== Available data

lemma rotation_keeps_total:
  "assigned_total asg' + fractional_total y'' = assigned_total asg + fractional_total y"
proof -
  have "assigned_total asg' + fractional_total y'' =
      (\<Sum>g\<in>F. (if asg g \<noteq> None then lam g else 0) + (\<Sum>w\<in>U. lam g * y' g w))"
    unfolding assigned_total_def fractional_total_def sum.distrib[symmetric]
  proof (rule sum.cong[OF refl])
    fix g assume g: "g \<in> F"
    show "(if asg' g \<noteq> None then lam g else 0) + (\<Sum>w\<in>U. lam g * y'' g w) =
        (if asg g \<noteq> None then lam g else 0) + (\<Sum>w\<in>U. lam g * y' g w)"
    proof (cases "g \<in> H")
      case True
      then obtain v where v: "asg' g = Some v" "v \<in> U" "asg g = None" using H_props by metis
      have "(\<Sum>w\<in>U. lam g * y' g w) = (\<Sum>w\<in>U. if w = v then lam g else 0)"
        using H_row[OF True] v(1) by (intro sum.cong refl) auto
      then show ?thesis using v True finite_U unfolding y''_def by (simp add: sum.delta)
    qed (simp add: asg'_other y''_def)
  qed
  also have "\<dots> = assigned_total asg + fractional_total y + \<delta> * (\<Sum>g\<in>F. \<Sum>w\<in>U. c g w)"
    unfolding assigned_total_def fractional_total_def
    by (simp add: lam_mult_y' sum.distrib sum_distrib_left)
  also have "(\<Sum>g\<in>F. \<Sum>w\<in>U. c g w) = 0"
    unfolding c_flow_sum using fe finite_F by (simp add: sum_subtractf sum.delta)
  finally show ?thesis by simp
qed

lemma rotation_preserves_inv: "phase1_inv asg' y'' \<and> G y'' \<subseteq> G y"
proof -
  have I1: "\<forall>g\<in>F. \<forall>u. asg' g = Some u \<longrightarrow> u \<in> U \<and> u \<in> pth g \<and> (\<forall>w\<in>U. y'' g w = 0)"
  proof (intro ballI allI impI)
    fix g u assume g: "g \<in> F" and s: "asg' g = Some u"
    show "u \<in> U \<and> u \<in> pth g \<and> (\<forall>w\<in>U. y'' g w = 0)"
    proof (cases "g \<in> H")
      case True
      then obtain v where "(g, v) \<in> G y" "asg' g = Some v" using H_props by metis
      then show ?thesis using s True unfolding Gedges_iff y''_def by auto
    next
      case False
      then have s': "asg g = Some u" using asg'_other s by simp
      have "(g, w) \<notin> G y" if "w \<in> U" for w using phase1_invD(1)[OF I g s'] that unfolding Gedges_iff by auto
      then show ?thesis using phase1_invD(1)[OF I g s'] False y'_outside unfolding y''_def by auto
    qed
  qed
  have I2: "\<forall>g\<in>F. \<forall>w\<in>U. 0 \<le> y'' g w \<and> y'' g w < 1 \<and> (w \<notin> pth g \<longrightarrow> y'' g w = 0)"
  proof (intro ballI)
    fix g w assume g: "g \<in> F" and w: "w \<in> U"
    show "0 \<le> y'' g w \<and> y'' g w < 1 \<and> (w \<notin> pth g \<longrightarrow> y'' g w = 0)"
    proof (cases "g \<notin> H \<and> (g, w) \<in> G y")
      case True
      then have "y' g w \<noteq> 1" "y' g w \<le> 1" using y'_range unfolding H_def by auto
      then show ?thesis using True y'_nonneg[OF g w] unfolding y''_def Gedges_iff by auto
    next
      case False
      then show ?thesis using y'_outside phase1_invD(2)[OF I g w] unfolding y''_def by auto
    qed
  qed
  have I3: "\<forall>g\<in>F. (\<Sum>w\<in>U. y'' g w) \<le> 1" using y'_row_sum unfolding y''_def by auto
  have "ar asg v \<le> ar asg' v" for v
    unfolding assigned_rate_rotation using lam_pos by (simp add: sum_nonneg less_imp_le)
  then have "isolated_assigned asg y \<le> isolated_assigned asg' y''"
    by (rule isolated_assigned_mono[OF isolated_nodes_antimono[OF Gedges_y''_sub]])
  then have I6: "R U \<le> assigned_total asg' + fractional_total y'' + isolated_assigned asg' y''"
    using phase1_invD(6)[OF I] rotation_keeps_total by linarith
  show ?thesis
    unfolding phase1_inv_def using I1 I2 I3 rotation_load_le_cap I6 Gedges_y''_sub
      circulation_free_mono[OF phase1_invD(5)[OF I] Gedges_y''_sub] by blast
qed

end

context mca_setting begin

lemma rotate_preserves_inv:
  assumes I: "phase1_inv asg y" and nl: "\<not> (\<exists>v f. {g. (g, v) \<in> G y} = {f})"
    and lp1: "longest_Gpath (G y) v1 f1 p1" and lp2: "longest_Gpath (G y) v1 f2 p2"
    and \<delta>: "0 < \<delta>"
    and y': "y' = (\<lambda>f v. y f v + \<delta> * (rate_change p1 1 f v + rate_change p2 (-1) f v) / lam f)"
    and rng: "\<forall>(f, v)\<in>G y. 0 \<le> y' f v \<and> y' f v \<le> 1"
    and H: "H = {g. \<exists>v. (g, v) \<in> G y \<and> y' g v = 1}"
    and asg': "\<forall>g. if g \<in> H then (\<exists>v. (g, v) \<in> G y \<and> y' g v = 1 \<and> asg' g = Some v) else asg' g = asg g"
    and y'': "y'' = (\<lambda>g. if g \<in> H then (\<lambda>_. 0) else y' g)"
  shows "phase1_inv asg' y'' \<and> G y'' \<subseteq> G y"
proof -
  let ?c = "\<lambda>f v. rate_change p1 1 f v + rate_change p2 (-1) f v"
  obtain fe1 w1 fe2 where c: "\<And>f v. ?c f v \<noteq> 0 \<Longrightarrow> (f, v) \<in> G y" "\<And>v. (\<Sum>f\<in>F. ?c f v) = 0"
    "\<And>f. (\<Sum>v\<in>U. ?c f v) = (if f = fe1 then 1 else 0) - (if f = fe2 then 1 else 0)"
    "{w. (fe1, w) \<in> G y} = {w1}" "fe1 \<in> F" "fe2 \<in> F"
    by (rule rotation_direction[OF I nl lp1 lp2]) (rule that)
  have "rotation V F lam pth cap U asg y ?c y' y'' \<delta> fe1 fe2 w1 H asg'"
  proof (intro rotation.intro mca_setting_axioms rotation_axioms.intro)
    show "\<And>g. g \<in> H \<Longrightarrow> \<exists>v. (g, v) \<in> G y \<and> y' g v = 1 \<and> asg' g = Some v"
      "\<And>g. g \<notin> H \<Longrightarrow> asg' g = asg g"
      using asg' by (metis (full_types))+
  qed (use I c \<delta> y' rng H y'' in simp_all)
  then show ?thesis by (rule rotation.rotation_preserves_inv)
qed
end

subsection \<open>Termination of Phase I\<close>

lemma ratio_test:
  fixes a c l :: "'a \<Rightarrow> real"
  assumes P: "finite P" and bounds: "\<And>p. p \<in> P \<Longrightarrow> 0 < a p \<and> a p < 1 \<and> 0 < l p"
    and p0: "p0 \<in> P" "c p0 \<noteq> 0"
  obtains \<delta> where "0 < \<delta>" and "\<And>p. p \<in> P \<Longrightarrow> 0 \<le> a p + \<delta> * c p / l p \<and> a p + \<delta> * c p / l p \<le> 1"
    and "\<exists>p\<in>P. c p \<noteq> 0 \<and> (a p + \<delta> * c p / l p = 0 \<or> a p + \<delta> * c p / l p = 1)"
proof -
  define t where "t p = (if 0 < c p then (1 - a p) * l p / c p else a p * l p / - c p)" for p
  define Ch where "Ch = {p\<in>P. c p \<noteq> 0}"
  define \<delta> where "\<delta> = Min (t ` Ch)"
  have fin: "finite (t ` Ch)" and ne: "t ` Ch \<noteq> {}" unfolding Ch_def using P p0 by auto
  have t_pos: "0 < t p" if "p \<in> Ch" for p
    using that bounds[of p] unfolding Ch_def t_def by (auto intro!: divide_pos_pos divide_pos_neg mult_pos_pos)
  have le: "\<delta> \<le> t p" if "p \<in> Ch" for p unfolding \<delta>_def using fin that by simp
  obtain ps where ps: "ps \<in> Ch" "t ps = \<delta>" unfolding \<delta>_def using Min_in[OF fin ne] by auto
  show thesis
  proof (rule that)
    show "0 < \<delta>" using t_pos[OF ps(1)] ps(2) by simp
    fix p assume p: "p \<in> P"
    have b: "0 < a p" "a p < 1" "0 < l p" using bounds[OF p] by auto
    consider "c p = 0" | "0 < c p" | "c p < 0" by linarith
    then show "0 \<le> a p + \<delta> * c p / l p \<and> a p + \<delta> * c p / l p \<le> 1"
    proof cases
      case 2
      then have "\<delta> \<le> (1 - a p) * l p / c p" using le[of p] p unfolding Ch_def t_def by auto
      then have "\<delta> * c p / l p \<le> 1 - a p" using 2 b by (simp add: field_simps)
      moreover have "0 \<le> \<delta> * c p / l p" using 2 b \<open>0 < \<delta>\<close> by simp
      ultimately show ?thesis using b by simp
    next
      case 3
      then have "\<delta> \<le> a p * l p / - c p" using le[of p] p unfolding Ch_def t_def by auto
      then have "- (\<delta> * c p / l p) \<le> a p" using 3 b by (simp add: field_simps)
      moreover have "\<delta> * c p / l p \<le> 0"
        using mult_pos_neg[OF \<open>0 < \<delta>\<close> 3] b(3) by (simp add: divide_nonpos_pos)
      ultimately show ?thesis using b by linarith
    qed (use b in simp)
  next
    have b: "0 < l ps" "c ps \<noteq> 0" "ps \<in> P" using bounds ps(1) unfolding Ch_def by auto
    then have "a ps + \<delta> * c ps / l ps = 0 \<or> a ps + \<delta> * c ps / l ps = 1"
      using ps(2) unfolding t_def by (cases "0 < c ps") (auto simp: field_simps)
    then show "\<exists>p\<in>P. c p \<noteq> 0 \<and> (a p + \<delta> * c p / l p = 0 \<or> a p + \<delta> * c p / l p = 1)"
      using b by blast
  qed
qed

====
== Available data

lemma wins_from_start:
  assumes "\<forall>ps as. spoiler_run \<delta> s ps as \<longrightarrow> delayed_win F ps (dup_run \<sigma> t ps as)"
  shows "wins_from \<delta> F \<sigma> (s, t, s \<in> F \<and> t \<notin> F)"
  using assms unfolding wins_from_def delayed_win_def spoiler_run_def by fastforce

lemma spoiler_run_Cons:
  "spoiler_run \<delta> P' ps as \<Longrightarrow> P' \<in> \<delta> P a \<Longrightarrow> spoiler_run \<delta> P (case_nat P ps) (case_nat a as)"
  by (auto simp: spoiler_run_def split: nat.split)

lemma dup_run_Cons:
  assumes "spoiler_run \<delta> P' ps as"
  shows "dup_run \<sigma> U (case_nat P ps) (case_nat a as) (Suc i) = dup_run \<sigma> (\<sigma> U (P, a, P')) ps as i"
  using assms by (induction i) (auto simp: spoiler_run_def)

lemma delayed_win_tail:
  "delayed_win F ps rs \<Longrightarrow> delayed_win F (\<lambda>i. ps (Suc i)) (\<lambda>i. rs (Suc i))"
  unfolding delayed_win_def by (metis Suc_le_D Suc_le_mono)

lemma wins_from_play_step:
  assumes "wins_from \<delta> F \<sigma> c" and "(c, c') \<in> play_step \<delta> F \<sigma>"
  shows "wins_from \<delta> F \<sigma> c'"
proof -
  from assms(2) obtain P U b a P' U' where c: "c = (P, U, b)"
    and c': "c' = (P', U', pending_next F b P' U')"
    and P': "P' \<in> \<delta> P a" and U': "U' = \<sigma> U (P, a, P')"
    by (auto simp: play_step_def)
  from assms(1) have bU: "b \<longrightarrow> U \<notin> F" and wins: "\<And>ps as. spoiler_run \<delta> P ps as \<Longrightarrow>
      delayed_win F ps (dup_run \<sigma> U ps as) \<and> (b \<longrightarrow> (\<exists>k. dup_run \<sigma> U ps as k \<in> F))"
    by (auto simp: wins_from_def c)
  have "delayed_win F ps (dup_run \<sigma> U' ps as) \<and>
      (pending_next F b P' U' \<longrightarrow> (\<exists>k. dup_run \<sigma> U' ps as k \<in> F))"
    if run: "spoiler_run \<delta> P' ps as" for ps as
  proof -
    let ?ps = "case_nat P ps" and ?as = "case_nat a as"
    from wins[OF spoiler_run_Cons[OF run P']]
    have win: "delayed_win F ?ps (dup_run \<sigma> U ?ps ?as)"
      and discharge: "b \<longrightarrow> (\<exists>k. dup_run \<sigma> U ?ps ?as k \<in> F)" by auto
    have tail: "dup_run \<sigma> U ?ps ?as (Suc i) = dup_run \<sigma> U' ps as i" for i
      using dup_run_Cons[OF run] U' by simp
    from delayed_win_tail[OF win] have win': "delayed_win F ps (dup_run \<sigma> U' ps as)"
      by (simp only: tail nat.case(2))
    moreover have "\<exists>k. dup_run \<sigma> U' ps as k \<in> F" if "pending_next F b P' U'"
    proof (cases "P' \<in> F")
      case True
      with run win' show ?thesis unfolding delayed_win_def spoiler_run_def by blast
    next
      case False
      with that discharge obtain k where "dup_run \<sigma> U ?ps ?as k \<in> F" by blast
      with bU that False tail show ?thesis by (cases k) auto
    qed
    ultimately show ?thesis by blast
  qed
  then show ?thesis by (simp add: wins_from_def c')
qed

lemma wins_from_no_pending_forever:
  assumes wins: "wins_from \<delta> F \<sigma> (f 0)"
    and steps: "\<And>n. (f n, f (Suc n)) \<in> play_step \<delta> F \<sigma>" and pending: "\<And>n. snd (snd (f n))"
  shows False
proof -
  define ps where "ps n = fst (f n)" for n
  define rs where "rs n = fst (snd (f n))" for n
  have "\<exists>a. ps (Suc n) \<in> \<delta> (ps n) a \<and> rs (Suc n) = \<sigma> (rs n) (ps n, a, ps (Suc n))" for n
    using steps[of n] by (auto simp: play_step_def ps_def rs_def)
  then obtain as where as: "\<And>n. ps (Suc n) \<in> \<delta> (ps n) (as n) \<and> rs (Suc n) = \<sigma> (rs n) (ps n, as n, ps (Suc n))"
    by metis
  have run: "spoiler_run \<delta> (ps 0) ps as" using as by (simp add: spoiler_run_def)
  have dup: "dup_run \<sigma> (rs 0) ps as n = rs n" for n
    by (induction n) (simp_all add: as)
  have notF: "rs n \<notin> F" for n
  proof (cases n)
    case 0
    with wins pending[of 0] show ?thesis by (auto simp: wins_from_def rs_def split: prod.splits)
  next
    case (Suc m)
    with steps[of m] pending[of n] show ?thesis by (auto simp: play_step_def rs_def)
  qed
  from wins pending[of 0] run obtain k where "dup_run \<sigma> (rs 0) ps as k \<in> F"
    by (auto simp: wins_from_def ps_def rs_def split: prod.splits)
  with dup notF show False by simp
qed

====

#### Exercise prompt
Every line of the data that includes the word "lambda" should be copied.

#### Answer to the exercise
    and y': "y' = (\<lambda>f v. y f v + \<delta> * (rate_change p1 1 f v + rate_change p2 (-1) f v) / lam f)"
    and y'': "y'' = (\<lambda>g. if g \<in> H then (\<lambda>_. 0) else y' g)"
  let ?c = "\<lambda>f v. rate_change p1 1 f v + rate_change p2 (-1) f v"
  "delayed_win F ps rs \<Longrightarrow> delayed_win F (\<lambda>i. ps (Suc i)) (\<lambda>i. rs (Suc i))"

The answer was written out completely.